Researchers to get up close with personal with hail

New technology to help team see how ice balls form inside storms

| Author: Eric Baerren | Media Contact: Aaron Mills

A hail-producing thunderstorm moves across a flat landscape.
A multi-institutional group of researchers led by CMU faculty member John Allen hopes to use new technology to unlock the secrets of hail. Photo courtesy of John Allen.

Most of what we know about hail is what it costs us after it crashes into the ground. In 2023, 17 of the 28 billion-dollar weather disasters included hail damage.

John Allen wears a button up shirt and smiles for a headshot.
John Allen

That’s the bulk of the cost for storms that roar across the Midwest, said John Allen, a faculty member in Central Michigan University’s Department of Earth & Atmospheric Sciences.

What happens inside a storm that produces hail, that’s a real mystery, Allen said. We don’t know where inside a storm it forms, how it travels inside the storm and how these storms behave when it falls from the sky.

Allen hopes that a major grant and new technology will help a multi-institutional research team – including CMU faculty, and undergraduate and graduate students – will help unlock hail’s secrets.

Researchers will roam an area from Missouri west to Colorado and Texas north to the Dakotas over six weeks next summer observing hail-producing storms. The more storms they are able to see, the more data they’ll collect.

Observing is a passive way to describe what the teams will do. They’ll go into the field armed with the latest technology – impact measuring devices, drones, artificial intelligence, portable radars, 3D scanners, probes and weather balloons – to get up close and personal with these storms.

They want to know how storms behave while hail forms inside them.

Portable Doppler radar units will help them build three-dimensional profiles of wind patterns inside storms, Allen said. Probes will record how hail forms inside storms. Drones and teams will follow storms, and use manual observations and artificial intelligence to map out the distribution of hailstones.

A palm-sized hail stone sits in a person's open hand.
Hail stones come in all sizes, and the larger ones are capable of damaging homes, cars and crops. Photo courtesy of John Allen.
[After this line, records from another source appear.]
lemma continuous_on_flux:
  assumes "source u integrable_on {0..1}"
  shows "continuous_on {0..1} (flux u)"
  using indefinite_integral_continuous_1[OF assms] by (simp add: flux_def[abs_def])

lemma flux_has_derivative:
  assumes "trial u B" "continuous_on {0..1} u" "x \<in> {0<..<1}"
  shows "(flux u has_real_derivative source u x) (at x)"
proof -
  have "((\<lambda>r. integral {0..r} (source u)) has_real_derivative source u x) (at x within {0..1})"
    using assms by (intro integral_has_real_derivative continuous_on_source) (auto simp: trial_def)
  moreover have "at x within {0..1} = at x"
    using assms(3) by (intro at_within_interior) simp
  ultimately show ?thesis by (simp add: flux_def[abs_def])
qed

lemma trial_flux_pos:
  assumes "trial u B" "0 < r" "r \<le> 1"
  shows "0 < flux u r"
proof -
  have "flux (\<lambda>_. 0) r \<le> flux u r"
    using assms
    by (intro flux_antimono trial_source_integrable[OF assms(1)]
        trial_source_integrable[OF trial_const[of 0]]) (auto simp: trial_def)
  moreover have "0 < flux (\<lambda>_. 0) r"
    using assms lam_pos cnk_pos k_less_n by (simp add: flux_const)
  ultimately show ?thesis by linarith
qed

lemma trial_slope_ge:
  assumes "trial u B" "0 \<le> r" "r \<le> 1"
  shows "(lam / cnk n k / n) powr (1 / real k) * r \<le> slope u r"
proof -
  have "slope (\<lambda>_. 0) r \<le> slope u r"
    using assms
    by (intro slope_antimono trial_source_integrable[OF assms(1)]
        trial_source_integrable[OF trial_const[of 0]]) (auto simp: trial_def)
  then show ?thesis using slope_const[OF assms(2), of 0] by simp
qed

lemma trial_slope_le:
  assumes "trial u B" "0 \<le> r" "r \<le> 1"
  shows "slope u r \<le> (lam * (1 + B) powr q / cnk n k / n) powr (1 / real k) * r"
proof -
  have "- B \<le> 0" using trial_bound_nonneg[OF assms(1)] by simp
  then have "slope u r \<le> slope (\<lambda>_. - B) r"
    using assms
    by (intro slope_antimono trial_source_integrable[OF assms(1)]
        trial_source_integrable[OF trial_const]) (auto simp: trial_def)
  then show ?thesis using slope_const[OF assms(2), of "- B"] by simp
qed

lemma continuous_on_slope:
  assumes "trial u B"
  shows "continuous_on {0..1} (slope u)"
  unfolding continuous_on_eq_continuous_within
proof
  fix x :: real assume x: "x \<in> {0..1}"
  show "continuous (at x within {0..1}) (slope u)"
  proof (cases "x = 0")
    case True
    define C where "C = (lam * (1 + B) powr q / cnk n k / n) powr (1 / real k)"
    have ev: "\<forall>\<^sub>F r in at 0 within {0..1}. 0 \<le> slope u r \<and> slope u r \<le> C * r"
      using trial_slope_le[OF assms] by (auto simp: eventually_at_filter slope_nonneg C_def)
    have lim: "((\<lambda>r. C * r) \<longlongrightarrow> 0) (at 0 within {0..1})"
      by (rule tendsto_mult_right_zero[OF tendsto_ident_at])
    have "(slope u \<longlongrightarrow> 0) (at 0 within {0..1})"
      by (rule tendsto_sandwich[OF _ _ tendsto_const lim]) (use ev in \<open>auto elim: eventually_mono\<close>)
    then show ?thesis using True by (simp add: continuous_within slope_zero)
  next
    case False
    then have x: "x \<in> {0<..1}" using x by auto
    have nonzero: "y powr (real k - real n) * flux u y \<noteq> 0" if "y \<in> {0<..1}" for y
      using trial_flux_pos[OF assms, of y] that by simp
    have "continuous_on {0<..1} (slope u)"
      unfolding slope_def[abs_def]
      by (intro continuous_intros continuous_on_subset[OF continuous_on_flux]
          trial_source_integrable[OF assms]) (use nonzero in auto)
    then have "continuous (at x within {0<..1}) (slope u)"
      using x by (simp add: continuous_on_eq_continuous_within)
    moreover have "at x within {0..1} = at x within {0<..1}"
      by (rule at_within_nhd[where S="{0<..<2}"]) (use x in auto)
    ultimately show ?thesis by (simp add: continuous_within)
  qed
qed

lemma slope_integrable:
  assumes "trial u B" "0 \<le> a" "b \<le> 1"
  shows "slope u integrable_on {a..b}"
  using assms by (intro integrable_continuous_interval continuous_on_subset[OF continuous_on_slope]) auto

lemma solve_one: "solve u 1 = 0"
  by (simp add: solve_def)

lemma solve_has_derivative:
  assumes "trial u B" "x \<in> {0..1}"
  shows "(solve u has_real_derivative slope u x) (at x within {0..1})"
  using DERIV_minus[OF integral_has_real_derivative'[OF continuous_on_slope[OF assms(1)] assms(2)]]
  by (simp add: solve_def[abs_def])

lemma continuous_on_solve:
  assumes "trial u B"
  shows "continuous_on {0..1} (solve u)"
  using solve_has_derivative[OF assms]
  by (meson DERIV_continuous continuous_on_eq_continuous_within)

lemma solve_nonpos:
  assumes "trial u B" "0 \<le> r" "r \<le> 1"
  shows "solve u r \<le> 0"
  unfolding solve_def using assms
  by (simp add: integral_nonneg slope_integrable slope_nonneg)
Making these observations is critical to improving storm forecasts and mitigating the severe economic losses from storms.

More precise data, for instance, will help improve warnings that can enable actions like homeowners knowing when to move their cars into shelter, he said. For emerging energy production like solar panels, it’ll improve our understanding of how hail may require us to rethink how we design panels.

It’s the first major hail-related research project since the 1980s.

“Hail’s been sort of left out in the cold,” Allen said. Most of the research geared toward severe thunderstorms has focused on tornadoes, which do injure and kill a lot more people than hail.

Allen is one of the research team’s four lead investigators. He’ll be joined by his colleague Jason Keeler, 10 undergraduate students and five graduate students out in the field. Among the participating institutions, CMU is the biggest part of the team.

It’s also a unique opportunity for CMU undergraduates to participate in critical research in what Allen said is “the world’s largest laboratory.”

An $11 million dollar grant from the National Science Foundation is funding the research.

Hail stones cover a farm field under a sunny sky.
Hail covers a farm field under a sunny sky. Photo courtesy of John Allen.